The Gridlock Economy
How Too Much Ownership Wrecks Markets, Stops Innovation, and Costs Lives
Every so often an idea comes along that transforms our understanding of how the world works. Michael Heller has discovered a market dynamic that no one knew existed. Usually, private ownership creates wealth, but too much ownership has the opposite effect--it creates gridlock. When too many people own pieces of one thing, whether a physical or intellectual resource, cooperation breaks down, wealth disappears, and everybody loses. Heller's paradox is at the center of "The Gridlock Economy." Today's leading edge of innovation--in high tech, biomedicine, music, film, real estate--requires the assembly of separately owned resources. But gridlock is blocking economic growth all along the wealth creation frontier.

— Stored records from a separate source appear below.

text \<open>
  Let \<open>{_,_}\<close> be the coefficientwise bracket \<open>{a t^n, b t^m} = [a,b] t^(n+m)\<close>, let \<open>\<partial> = d/dt\<close>
  and let \<open>D'\<close> apply \<open>D\<close> to the coefficients. The bracket of the theorem is then
  \<open>{p,q} + \<partial>p D'q - \<partial>q D'p\<close>. Here \<open>{_,_}\<close> is a Poisson bracket, \<open>\<partial>\<close> and \<open>D'\<close> are commuting
  derivations of both the product and \<open>{_,_}\<close>, and for any Poisson bracket \<open>B\<close> with commuting
  derivations \<open>P\<close>, \<open>Q\<close> the twisted bracket \<open>B x y + P x Q y - P y Q x\<close> is again Poisson. All maps
  involved are additive in each argument, so every identity on Laurent polynomials need only be
  checked on monomials \<open>a t^n\<close>.
\<close>

lemma additive_zero_fun: "additive (\<lambda>x. 0)"
  by (simp add: additive_def)

lemma additive_id: "additive (\<lambda>x. x)"
  by (simp add: additive_def)

lemma additive_add_fun: "additive f \<Longrightarrow> additive g \<Longrightarrow> additive (\<lambda>x. f x + g x)"
  by (simp add: additive_def algebra_simps)

lemma additive_diff_fun: "additive f \<Longrightarrow> additive g \<Longrightarrow> additive (\<lambda>x. f x - g x)"
  by (simp add: additive_def algebra_simps)

lemma additive_uminus_fun: "additive f \<Longrightarrow> additive (\<lambda>x. - f x)"
  by (simp add: additive_def)

lemma additive_compose: "additive f \<Longrightarrow> additive g \<Longrightarrow> additive (\<lambda>x. f (g x))"
  by (simp add: additive_def)
lemma attractor_terminal_class:
  assumes finK: "finite K" and "x \<in> K"
    and connected: "\<And>u v. u \<in> K \<Longrightarrow> v \<in> K \<Longrightarrow> \<exists>D. is_path K k D u v"
    and terminal: "\<And>w. (x, w) \<in> (preferred_steps K k \<phi>)\<^sup>* \<Longrightarrow> (w, x) \<in> (preferred_steps K k \<phi>)\<^sup>*"
  shows "attractor K k \<phi> ((preferred_steps K k \<phi>)\<^sup>* `` {x})"
proof -
  let ?Z = "preferred_steps K k \<phi>"
  have sub: "?Z\<^sup>* `` {x} \<subseteq> K"
    using \<open>x \<in> K\<close> preferred_steps_reach_in by fastforce
  have "calU K k \<phi> u w = 0" if "u \<in> ?Z\<^sup>* `` {x}" "w \<in> ?Z\<^sup>* `` {x}" for u w
    using that terminal by (intro calU_eq_0_if_preferred[OF finK]) (blast intro: rtrancl_trans)
  moreover have "0 < calU K k \<phi> u w" if u: "u \<in> ?Z\<^sup>* `` {x}" and w: "w \<in> K - ?Z\<^sup>* `` {x}" for u w
  proof -
    have "(u, w) \<notin> ?Z\<^sup>*" using u w by (blast intro: rtrancl_trans)
    moreover obtain D where "is_path K k D u w" using connected u w sub by blast
    ultimately show ?thesis using calU_pos_if_not_preferred[OF finK] by blast
  qed
  ultimately show ?thesis using sub by (auto simp: attractor_def)
qed
lemma idem_semiring_flip [simp]: "idem_semiring (flip A) \<longleftrightarrow> idem_semiring A"
proof -
  have "idem_semiring (flip B)" if "idem_semiring B" for B :: "'b salg"
    using idem_semiring_on.plus_reversed_semiring that
    by (simp add: idem_semiring_iff_on flip_def)
  from this[of A] this[of "flip A"] show ?thesis by auto
qed

lemma congruence_flip [simp]: "congruence (flip A) \<rho> \<longleftrightarrow> congruence A \<rho>"
  unfolding congruence_def by auto

lemma quot_flip [simp]: "quot (flip A) \<rho> = flip (quot A \<rho>)"
  by (simp add: quot_def flip_def)

lemma restr_flip [simp]: "restr (flip A) C = flip (restr A C)"
  by (simp add: restr_def flip_def)

lemma Rect_flip [simp]: "Rect (flip A) \<longleftrightarrow> Rect A"
  by (simp add: Rect_def)

lemma LZplus_flip [simp]: "LZplus (flip A) \<longleftrightarrow> RZplus A"
  by (auto simp: LZplus_def RZplus_def)

lemma DLat_flip [simp]: "DLat (flip A) \<longleftrightarrow> DLat A"
proof -
  have "DLat (flip B)" if D: "DLat B" for B :: "'b salg"
  proof -
    have "idem_semiring B" using D by (simp add: DLat_def)
    then interpret idem_semiring_on "car B" "tm B" "pl B" by (simp add: idem_semiring_iff_on)
    have "pl B (tm B x y) x = x" if "x \<in> car B" "y \<in> car B" for x y
      using D that by (simp add: DLat_def)
    then show ?thesis using D by (simp add: DLat_def)
  qed
  from this[of A] this[of "flip A"] show ?thesis by auto
qed

lemma malcev_flip:
  "malcev V W (flip A) \<longleftrightarrow> malcev (\<lambda>B. V (flip B)) (\<lambda>B. W (flip B)) A"
  unfolding malcev_def by simp

theorem theorem4p3:
  fixes A :: "'a salg"
  shows "((idem_semiring A \<and>
            (\<forall>x\<in>car A. \<forall>y\<in>car A. pl A x (tm A (tm A x y) x) = x))
          \<longleftrightarrow> malcev Rect (malcev LZplus DLat) A)
       \<and> ((idem_semiring A \<and>
            (\<forall>x\<in>car A. \<forall>y\<in>car A. pl A (tm A (tm A x y) x) x = x))
          \<longleftrightarrow> malcev Rect (malcev RZplus DLat) A)"
proof
  show "(idem_semiring A \<and> (\<forall>x\<in>car A. \<forall>y\<in>car A. pl A x (tm A (tm A x y) x) = x))
      \<longleftrightarrow> malcev Rect (malcev LZplus DLat) A"
    by (simp only: xyx_absorbing_iff_on[symmetric] xyx_absorbing_iff_malcev)
  have "malcev Rect (malcev LZplus DLat) (flip A) \<longleftrightarrow> malcev Rect (malcev RZplus DLat) A"
    by (simp add: malcev_flip)
  then show "(idem_semiring A \<and> (\<forall>x\<in>car A. \<forall>y\<in>car A. pl A (tm A (tm A x y) x) x = x))
      \<longleftrightarrow> malcev Rect (malcev RZplus DLat) A"
    using xyx_absorbing_iff_malcev[of "flip A"] xyx_absorbing_iff_on[of "flip A"] by simp
qed
lemma pair_state_step:
  assumes "pair_state pl P" "{i, j} \<in> P" "v \<in> V - ran pl" "w \<in> V - ran pl - {v}"
  shows "pair_state (pl(i \<mapsto> v, j \<mapsto> w)) (P - {{i, j}})"
proof -
  note ij = pair_stateD[OF assms(1,2)]
  have "i \<in> N" "j \<in> N" "i \<noteq> j"
    using friendD[OF ij(5)] by auto
  have "partial_alloc N V (pl(i \<mapsto> v))"
    using assms(1,3) ij(3) \<open>i \<in> N\<close> unfolding pair_state_def by (simp add: partial_alloc_upd)
  moreover have "j \<in> N - dom (pl(i \<mapsto> v))" "w \<in> V - ran (pl(i \<mapsto> v))"
    using ij(3,4) \<open>j \<in> N\<close> \<open>i \<noteq> j\<close> assms(4) by (simp_all add: domIff)
  ultimately have "partial_alloc N V (pl(i \<mapsto> v, j \<mapsto> w))"
    by (rule partial_alloc_upd)
  moreover have "s \<inter> {i, j} = {}" if "s \<in> P - {{i, j}}" for s
  proof -
    have "P \<subseteq> friend_pairs F"
      using assms(1) unfolding pair_state_def by simp
    then have "s \<in> friend_pairs F" "{i, j} \<in> friend_pairs F"
      using that assms(2) by auto
    moreover have "s \<noteq> {i, j}"
      using that by simp
    ultimately show ?thesis
      by (rule friend_pairs_disjoint[unfolded disjoint_def, rule_format])
  qed
  moreover have "dom (pl(i \<mapsto> v, j \<mapsto> w)) = {i, j} \<union> dom pl"
    by auto
  moreover have "P - {{i, j}} \<subseteq> friend_pairs F" "\<forall>s\<in>P. s \<inter> dom pl = {}"
    using assms(1) unfolding pair_state_def by auto
  ultimately show ?thesis
    unfolding pair_state_def by (auto simp: Int_Un_distrib)
qed

definition pair_pick :: "('a \<rightharpoonup> 'v) \<Rightarrow> 'a \<Rightarrow> 'a \<Rightarrow> 'v \<Rightarrow> 'v \<Rightarrow> bool" where
  "pair_pick pl i j v w \<longleftrightarrow> v \<in> V - ran pl \<and>
     (\<forall>v'\<in>V - ran pl. first_val u E \<phi> i j v' (V - ran pl) \<le> first_val u E \<phi> i j v (V - ran pl)) \<and>
     w \<in> best_resp u E \<phi> j v (V - ran pl - {v})"

lemma pair_pick_free: "pair_pick pl i j v w \<Longrightarrow> v \<in> V - ran pl \<and> w \<in> V - ran pl - {v}"
  unfolding pair_pick_def best_resp_def by blast

lemma pair_pick_exists:
  assumes "{x, y} \<in> E" "x \<in> V - ran pl" "y \<in> V - ran pl"
  shows "\<exists>v w. pair_pick pl i j v w"
proof -
  let ?S = "V - ran pl"
  have "?S \<noteq> {}"
    using assms(2) by blast
  then obtain v where v: "v \<in> ?S" "\<forall>v'\<in>?S. first_val u E \<phi> i j v' ?S \<le> first_val u E \<phi> i j v ?S"
    using ex_maximizer[where S = ?S and f = "\<lambda>v. first_val u E \<phi> i j v ?S"] finite_V by blast
  have "x \<noteq> y"
    using assms(1) singleton_not_edge by auto
  with assms(2,3) have "?S - {v} \<noteq> {}" by blast
  then obtain w where "w \<in> ?S - {v}" "\<forall>w'\<in>?S - {v}. second_val u E \<phi> j v w' \<le> second_val u E \<phi> j v w"
    using ex_maximizer[where S = "?S - {v}" and f = "second_val u E \<phi> j v"] finite_V by blast
  with v show ?thesis
    unfolding pair_pick_def best_resp_def by blast
qed
lemma continuous_on_vec_norm:
  assumes "is_vec_norm n \<nu>"
  shows "continuous_on UNIV (\<lambda>f. \<nu> (vec n f))"
  unfolding continuous_on_def
proof (intro ballI)
  fix h :: "nat \<Rightarrow> complex"
  define R where "R f = (\<Sum>i<n. cmod (f i - h i) * \<nu> (unit_vec n i))" for f :: "nat \<Rightarrow> complex"
  have "(R \<longlongrightarrow> R h) (at h within UNIV)"
    unfolding R_def by (intro tendsto_intros continuous_on_product_coordinates
        [unfolded continuous_on_def, rule_format]) auto
  then have R0: "(R \<longlongrightarrow> 0) (at h)" by (simp add: R_def)
  have bound: "\<bar>\<nu> (vec n f) - \<nu> (vec n h)\<bar> \<le> R f" for f
  proof -
    have "\<bar>\<nu> (vec n f) - \<nu> (vec n h)\<bar> \<le> \<nu> (vec n f - vec n h)"
      by (rule vec_norm_diff_abs_le[OF assms]) auto
    also have "\<dots> \<le> (\<Sum>i<n. cmod ((vec n f - vec n h) $ i) * \<nu> (unit_vec n i))"
      by (rule vec_norm_le_sum_unit_vec[OF assms]) auto
    also have "\<dots> = R f" unfolding R_def by (intro sum.cong) auto
    finally show ?thesis .
  qed
  show "((\<lambda>f. \<nu> (vec n f)) \<longlongrightarrow> \<nu> (vec n h)) (at h within UNIV)"
  proof (intro metric_tendsto_imp_tendsto[OF R0] always_eventually allI)
    show "dist (\<nu> (vec n f)) (\<nu> (vec n h)) \<le> dist (R f) 0" for f
      using bound[of f] unfolding dist_real_def by arith
  qed
qed

lemma compact_cball_complex: "compact (cball (0::complex) r)"
proof -
  have "cball (0::complex) r = (\<lambda>p. Complex (fst p) (snd p)) ` cball (0::real \<times> real) r"
  proof (rule subset_antisym)
    show "cball 0 r \<subseteq> (\<lambda>p. Complex (fst p) (snd p)) ` cball (0::real \<times> real) r"
    proof
      fix z :: complex assume "z \<in> cball 0 r"
      then show "z \<in> (\<lambda>p. Complex (fst p) (snd p)) ` cball 0 r"
        by (intro image_eqI[of _ _ "(Re z, Im z)"]) (auto simp: norm_Pair cmod_def)
    qed
  qed (auto simp: norm_Pair cmod_def)
  moreover have "continuous_on UNIV (\<lambda>p::real \<times> real. Complex (fst p) (snd p))"
    by (intro continuous_intros)
  ultimately show ?thesis
    by (metis compact_cball compact_continuous_image continuous_on_subset top_greatest)
qed

definition max_norm_sphere :: "nat \<Rightarrow> (nat \<Rightarrow> complex) set" where
  "max_norm_sphere n =
     PiE UNIV (\<lambda>i. if i < n then cball 0 1 else {0}) \<inter> (\<Union>i<n. {f. cmod (f i) = 1})"

lemma compact_max_norm_sphere: "compact (max_norm_sphere n)"
  unfolding max_norm_sphere_def
proof (rule compact_Int_closed)
  have "compactin (product_topology (\<lambda>i. euclidean) UNIV)
          (PiE UNIV (\<lambda>i. if i < n then cball (0::complex) 1 else {0}))"
    unfolding compactin_PiE using compact_cball_complex by auto
  then show "compact (PiE UNIV (\<lambda>i. if i < n then cball (0::complex) 1 else {0}))"
    unfolding euclidean_product_topology by simp
  show "closed (\<Union>i<n. {f::nat \<Rightarrow> complex. cmod (f i) = 1})"
    by (intro closed_UN ballI closed_Collect_eq continuous_on_norm
        continuous_on_product_coordinates continuous_on_const) auto
qed

lemma vec_norm_bounded_below_on_max_norm_sphere:
  assumes "is_vec_norm n \<nu>"
  obtains \<gamma> where "0 < \<gamma>" "\<And>f. f \<in> max_norm_sphere n \<Longrightarrow> \<gamma> \<le> \<nu> (vec n f)"
proof (cases "n = 0")
  case True
  then have "max_norm_sphere n = {}" by (simp add: max_norm_sphere_def)
  then show ?thesis using that[of 1] by simp
next
  case False
  then have "(\<lambda>i. if i < n then 1 else 0) \<in> max_norm_sphere n"
    unfolding max_norm_sphere_def by auto
  then have "max_norm_sphere n \<noteq> {}" by blast
  moreover have "continuous_on (max_norm_sphere n) (\<lambda>f. \<nu> (vec n f))"
    using continuous_on_vec_norm[OF assms] by (rule continuous_on_subset) simp
  ultimately obtain f0 where f0: "f0 \<in> max_norm_sphere n"
    and f0_min: "\<And>f. f \<in> max_norm_sphere n \<Longrightarrow> \<nu> (vec n f0) \<le> \<nu> (vec n f)"
    using continuous_attains_inf[OF compact_max_norm_sphere] by blast
  have "vec n f0 \<noteq> 0\<^sub>v n"
    using f0 unfolding max_norm_sphere_def by (auto simp: vec_eq_iff)
  then have "0 < \<nu> (vec n f0)" using vec_norm_pos[OF assms] by simp
  then show ?thesis using f0_min by (rule that)
qed

lemma vec_norm_coordinate_bound:
  assumes "is_vec_norm n \<nu>"
  obtains c where "0 < c" "\<And>x i. x \<in> carrier_vec n \<Longrightarrow> i < n \<Longrightarrow> cmod (x $ i) \<le> c * \<nu> x"
proof -
  obtain \<gamma> where \<gamma>: "0 < \<gamma>" and \<gamma>_le: "\<And>f. f \<in> max_norm_sphere n \<Longrightarrow> \<gamma> \<le> \<nu> (vec n f)"
    using vec_norm_bounded_below_on_max_norm_sphere[OF assms] by blast
  show ?thesis
  proof (rule that[of "1 / \<gamma>"])
    show "0 < 1 / \<gamma>" using \<gamma> by simp
    fix x :: "complex vec" and i assume x: "x \<in> carrier_vec n" and i: "i < n"
    define M where "M = Max ((\<lambda>j. cmod (x $ j)) ` {..<n})"
    have M_ge: "cmod (x $ j) \<le> M" if "j < n" for j
      unfolding M_def using that by (intro Max_ge) auto
    have "M \<in> (\<lambda>j. cmod (x $ j)) ` {..<n}"
      unfolding M_def using i by (intro Max_in) auto
    then obtain j where j: "j < n" "M = cmod (x $ j)" by auto
    show "cmod (x $ i) \<le> 1 / \<gamma> * \<nu> x"
    proof (cases "M = 0")
      case True
      then show ?thesis using M_ge[OF i] vec_norm_nonneg[OF assms x] \<gamma> by simp
    next
      case False
      then have M: "0 < M" using j by simp
      define f where "f l = (if l < n then x $ l / M else 0)" for l
      have "f \<in> max_norm_sphere n"
        using M_ge M j unfolding max_norm_sphere_def f_def by (auto simp: norm_divide)
      moreover have "vec n f = complex_of_real (1 / M) \<cdot>\<^sub>v x"
        using x unfolding f_def by (auto simp: vec_eq_iff divide_inverse mult.commute)
      ultimately have "\<gamma> \<le> \<nu> (complex_of_real (1 / M) \<cdot>\<^sub>v x)"
        using \<gamma>_le by metis
      also have "\<dots> = \<nu> x / M"
        using vec_norm_smult[OF assms x] M by (simp add: norm_divide)
      finally have "M \<le> \<nu> x / \<gamma>" using M \<gamma> by (simp add: field_simps)
      then show ?thesis using M_ge[OF i] by simp
    qed
  qed
qed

A thousand scholars have applied and verified Heller's paradox. Now he takes readers on a lively tour of gridlock battlegrounds. Heller zips from medieval robber barons to modern-day broadcast spectrum squatters; from Mississippi courts selling African-American family farms to troubling New York City land confiscations; and from Chesapeake Bay oyster pirates to today's gene patent and music mash-up outlaws. Each tale offers insights into how to spot gridlock in operation and how we can overcome it.
"The Gridlock Economy" is a startling, accessible biography of an idea. Nothing is inevitable about gridlock. It results from choices we make about how to control the resources we value most. We can unlock the grid; this book shows us where to start.
Basic Books (AZ), 9780465029167, 259pp.